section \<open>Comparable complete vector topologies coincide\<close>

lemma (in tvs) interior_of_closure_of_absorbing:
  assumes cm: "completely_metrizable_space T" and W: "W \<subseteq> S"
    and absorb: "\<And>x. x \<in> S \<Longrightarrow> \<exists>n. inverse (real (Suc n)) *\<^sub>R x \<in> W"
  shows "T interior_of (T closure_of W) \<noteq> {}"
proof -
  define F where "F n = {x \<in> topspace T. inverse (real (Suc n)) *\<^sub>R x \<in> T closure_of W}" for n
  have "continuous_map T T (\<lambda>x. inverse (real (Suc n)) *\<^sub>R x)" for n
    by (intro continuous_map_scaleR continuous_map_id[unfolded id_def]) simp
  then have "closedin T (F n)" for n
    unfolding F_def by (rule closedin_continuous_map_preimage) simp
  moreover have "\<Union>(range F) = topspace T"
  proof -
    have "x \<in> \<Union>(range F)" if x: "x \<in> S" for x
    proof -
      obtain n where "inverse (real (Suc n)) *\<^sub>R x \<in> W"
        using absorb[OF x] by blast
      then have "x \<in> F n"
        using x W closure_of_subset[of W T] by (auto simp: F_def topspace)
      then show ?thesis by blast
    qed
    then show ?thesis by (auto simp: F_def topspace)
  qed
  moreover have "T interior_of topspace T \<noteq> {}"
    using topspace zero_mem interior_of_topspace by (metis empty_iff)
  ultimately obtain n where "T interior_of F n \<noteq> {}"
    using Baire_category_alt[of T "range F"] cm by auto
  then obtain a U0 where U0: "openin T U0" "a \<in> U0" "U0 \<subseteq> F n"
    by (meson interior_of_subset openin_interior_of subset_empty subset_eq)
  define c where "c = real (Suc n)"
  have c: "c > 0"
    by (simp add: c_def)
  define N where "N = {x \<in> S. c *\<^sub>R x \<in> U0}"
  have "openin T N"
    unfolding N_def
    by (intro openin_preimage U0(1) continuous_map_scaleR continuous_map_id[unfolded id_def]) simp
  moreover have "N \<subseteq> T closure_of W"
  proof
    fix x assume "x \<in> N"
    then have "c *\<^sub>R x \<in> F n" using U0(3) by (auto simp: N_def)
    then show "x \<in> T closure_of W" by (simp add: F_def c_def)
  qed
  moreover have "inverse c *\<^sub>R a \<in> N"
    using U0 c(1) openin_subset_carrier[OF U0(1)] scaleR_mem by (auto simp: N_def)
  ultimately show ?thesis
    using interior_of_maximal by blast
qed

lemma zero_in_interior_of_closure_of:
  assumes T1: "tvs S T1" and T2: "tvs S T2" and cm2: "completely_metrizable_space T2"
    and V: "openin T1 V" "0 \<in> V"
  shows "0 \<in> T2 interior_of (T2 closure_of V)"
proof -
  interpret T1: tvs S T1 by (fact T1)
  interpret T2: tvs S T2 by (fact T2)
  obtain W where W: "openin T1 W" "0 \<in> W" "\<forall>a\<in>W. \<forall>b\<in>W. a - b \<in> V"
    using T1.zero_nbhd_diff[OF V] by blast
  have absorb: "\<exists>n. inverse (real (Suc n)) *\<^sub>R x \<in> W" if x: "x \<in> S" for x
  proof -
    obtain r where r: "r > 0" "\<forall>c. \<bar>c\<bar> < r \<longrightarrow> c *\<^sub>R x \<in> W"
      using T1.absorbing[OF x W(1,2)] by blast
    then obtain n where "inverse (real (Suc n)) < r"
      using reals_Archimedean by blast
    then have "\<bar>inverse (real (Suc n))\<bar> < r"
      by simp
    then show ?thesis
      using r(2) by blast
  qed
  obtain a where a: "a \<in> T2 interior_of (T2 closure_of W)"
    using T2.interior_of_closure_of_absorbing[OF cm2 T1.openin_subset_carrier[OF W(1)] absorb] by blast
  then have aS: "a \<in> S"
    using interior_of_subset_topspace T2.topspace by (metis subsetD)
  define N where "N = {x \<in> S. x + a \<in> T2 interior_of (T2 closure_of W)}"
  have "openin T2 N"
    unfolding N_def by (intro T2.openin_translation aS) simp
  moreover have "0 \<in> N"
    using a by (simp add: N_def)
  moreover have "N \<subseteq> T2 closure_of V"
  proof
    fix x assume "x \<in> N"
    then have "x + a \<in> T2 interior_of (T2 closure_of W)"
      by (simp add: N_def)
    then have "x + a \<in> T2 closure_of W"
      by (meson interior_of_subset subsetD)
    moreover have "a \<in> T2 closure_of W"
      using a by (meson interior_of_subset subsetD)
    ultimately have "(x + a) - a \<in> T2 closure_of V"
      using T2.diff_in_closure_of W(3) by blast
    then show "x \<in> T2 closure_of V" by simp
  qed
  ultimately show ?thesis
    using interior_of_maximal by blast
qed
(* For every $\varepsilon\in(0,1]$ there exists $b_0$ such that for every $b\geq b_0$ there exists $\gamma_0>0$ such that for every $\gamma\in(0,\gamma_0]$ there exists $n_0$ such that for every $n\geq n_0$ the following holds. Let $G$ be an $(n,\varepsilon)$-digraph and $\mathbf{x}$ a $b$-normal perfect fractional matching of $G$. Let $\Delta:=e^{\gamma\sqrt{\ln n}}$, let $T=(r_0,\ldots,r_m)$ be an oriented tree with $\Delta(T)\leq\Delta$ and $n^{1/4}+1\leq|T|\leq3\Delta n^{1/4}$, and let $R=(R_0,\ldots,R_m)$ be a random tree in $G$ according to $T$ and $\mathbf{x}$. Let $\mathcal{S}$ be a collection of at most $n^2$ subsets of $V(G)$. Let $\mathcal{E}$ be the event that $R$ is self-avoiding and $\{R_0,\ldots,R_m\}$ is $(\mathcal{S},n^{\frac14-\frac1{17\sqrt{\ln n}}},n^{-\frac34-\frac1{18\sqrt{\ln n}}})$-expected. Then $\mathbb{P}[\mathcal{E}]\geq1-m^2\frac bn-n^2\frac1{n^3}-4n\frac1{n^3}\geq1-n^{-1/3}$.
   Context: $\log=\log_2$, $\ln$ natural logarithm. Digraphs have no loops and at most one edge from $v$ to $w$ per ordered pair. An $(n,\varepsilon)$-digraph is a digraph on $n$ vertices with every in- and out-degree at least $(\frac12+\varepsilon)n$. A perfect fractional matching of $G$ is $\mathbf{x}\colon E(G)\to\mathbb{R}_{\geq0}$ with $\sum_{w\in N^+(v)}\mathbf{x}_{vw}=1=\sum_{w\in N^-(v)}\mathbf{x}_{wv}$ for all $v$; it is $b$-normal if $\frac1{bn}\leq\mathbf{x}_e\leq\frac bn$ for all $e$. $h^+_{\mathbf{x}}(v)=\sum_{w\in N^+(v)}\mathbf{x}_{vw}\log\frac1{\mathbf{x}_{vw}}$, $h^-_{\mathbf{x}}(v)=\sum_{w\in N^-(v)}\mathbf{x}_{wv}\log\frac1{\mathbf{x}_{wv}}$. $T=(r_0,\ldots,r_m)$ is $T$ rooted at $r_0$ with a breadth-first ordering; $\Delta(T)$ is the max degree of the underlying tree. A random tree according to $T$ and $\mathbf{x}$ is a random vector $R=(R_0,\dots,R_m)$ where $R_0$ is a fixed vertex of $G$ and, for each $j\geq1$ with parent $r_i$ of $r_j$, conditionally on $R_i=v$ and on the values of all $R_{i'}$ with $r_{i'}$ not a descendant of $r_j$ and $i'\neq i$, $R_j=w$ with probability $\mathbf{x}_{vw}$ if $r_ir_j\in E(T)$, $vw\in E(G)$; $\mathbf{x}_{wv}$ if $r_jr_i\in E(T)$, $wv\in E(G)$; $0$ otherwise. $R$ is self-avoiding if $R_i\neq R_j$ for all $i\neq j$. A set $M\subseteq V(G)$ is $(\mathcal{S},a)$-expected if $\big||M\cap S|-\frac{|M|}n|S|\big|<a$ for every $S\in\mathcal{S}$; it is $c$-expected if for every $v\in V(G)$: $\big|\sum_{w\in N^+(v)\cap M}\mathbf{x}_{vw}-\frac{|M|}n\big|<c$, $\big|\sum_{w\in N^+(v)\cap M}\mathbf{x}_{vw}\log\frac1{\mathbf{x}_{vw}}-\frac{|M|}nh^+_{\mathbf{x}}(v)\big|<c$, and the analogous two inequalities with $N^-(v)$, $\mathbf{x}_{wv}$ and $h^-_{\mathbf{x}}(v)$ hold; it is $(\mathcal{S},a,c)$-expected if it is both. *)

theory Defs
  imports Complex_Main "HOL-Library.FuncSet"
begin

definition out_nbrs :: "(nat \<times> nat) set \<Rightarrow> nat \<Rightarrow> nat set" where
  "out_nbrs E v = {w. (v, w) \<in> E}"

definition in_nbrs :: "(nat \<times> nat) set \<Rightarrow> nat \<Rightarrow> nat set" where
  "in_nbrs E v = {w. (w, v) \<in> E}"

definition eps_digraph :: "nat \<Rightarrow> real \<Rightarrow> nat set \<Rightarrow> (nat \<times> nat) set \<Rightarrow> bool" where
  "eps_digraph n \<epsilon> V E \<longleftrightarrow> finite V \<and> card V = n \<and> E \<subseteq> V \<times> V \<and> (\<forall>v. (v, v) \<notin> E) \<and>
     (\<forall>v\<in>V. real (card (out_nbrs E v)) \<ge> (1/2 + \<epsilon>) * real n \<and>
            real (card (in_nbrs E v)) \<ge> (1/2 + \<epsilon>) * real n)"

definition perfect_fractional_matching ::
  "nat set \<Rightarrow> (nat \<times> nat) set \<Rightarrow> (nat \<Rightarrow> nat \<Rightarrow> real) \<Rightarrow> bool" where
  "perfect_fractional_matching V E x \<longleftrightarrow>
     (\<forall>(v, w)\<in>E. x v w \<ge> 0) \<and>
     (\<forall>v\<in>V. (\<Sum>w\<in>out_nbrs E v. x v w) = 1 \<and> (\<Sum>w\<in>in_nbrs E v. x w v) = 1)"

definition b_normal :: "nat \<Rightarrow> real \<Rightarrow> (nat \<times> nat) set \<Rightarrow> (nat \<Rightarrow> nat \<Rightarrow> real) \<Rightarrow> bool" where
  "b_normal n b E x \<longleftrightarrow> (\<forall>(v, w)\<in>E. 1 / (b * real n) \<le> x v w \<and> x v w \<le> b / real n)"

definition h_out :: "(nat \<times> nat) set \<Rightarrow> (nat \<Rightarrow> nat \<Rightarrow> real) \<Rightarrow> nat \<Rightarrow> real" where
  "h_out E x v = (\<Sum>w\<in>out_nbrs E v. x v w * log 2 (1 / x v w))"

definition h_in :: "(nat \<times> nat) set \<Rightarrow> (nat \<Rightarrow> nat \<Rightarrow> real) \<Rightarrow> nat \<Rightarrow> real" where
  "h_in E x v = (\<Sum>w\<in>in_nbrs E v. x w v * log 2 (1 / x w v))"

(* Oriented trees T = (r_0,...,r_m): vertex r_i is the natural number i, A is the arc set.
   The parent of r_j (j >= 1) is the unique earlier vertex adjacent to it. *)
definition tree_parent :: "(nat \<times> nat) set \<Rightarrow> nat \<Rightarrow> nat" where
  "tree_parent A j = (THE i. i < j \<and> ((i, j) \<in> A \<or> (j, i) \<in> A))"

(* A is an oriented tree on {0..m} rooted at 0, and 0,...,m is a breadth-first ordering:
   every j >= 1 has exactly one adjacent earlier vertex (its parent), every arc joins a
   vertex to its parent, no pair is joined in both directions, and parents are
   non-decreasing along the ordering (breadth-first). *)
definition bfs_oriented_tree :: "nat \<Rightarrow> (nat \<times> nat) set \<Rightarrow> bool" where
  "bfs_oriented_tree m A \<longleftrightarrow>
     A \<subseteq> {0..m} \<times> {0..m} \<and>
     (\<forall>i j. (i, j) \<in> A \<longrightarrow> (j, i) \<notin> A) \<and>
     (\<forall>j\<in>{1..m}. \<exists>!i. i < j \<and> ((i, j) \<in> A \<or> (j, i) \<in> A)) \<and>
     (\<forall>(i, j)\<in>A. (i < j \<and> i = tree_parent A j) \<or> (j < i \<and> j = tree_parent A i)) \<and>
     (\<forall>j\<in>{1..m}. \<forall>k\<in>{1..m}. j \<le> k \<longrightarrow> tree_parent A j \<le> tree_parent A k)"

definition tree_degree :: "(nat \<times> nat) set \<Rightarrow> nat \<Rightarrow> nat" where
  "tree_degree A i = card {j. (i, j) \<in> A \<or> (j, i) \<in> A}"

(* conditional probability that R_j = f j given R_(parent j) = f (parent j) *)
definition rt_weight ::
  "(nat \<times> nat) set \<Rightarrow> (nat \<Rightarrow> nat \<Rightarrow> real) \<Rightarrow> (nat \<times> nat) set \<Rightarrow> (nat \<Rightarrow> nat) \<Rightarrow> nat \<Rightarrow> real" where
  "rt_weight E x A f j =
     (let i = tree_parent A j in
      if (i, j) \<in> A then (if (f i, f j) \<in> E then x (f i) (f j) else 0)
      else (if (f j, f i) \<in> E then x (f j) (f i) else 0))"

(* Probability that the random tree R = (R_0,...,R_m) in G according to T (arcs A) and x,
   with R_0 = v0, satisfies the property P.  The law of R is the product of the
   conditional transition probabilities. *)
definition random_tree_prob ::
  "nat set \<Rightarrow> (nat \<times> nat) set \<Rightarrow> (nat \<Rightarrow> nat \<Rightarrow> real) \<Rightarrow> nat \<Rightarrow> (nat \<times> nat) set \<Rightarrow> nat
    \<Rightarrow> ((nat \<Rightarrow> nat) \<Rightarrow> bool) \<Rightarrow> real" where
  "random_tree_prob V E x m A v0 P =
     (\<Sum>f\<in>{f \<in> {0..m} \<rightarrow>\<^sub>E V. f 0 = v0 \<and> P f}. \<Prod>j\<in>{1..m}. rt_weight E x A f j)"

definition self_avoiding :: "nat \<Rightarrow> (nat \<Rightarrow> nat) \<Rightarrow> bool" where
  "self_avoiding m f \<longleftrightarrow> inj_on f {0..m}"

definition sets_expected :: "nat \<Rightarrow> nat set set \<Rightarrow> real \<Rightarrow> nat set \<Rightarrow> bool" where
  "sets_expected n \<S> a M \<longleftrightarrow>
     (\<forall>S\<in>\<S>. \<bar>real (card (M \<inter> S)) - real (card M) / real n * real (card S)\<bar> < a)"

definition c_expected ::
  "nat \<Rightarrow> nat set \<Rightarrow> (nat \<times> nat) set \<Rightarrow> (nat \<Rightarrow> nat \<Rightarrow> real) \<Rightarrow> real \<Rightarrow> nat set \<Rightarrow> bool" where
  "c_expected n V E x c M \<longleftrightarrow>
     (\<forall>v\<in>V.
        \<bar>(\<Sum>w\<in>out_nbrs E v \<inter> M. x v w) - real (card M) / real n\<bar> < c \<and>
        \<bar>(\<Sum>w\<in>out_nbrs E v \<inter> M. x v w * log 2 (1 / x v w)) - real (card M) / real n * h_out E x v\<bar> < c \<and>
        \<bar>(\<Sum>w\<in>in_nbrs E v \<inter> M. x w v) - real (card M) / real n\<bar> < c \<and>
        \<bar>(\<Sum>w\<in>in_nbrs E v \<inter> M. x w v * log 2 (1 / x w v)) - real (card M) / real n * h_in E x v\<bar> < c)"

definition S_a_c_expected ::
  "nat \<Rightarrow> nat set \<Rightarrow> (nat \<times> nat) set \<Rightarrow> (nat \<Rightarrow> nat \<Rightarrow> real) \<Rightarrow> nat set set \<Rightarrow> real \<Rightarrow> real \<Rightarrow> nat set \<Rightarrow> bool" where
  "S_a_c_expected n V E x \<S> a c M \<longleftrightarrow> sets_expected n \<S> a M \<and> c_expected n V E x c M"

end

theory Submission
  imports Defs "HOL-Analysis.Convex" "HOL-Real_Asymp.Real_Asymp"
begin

+++

TASK STATEMENT. Look through the data above and return each line where the string "notin" occurs.

FINISHED TASK.
  "eps_digraph n \<epsilon> V E \<longleftrightarrow> finite V \<and> card V = n \<and> E \<subseteq> V \<times> V \<and> (\<forall>v. (v, v) \<notin> E) \<and>
     (\<forall>i j. (i, j) \<in> A \<longrightarrow> (j, i) \<notin> A) \<and>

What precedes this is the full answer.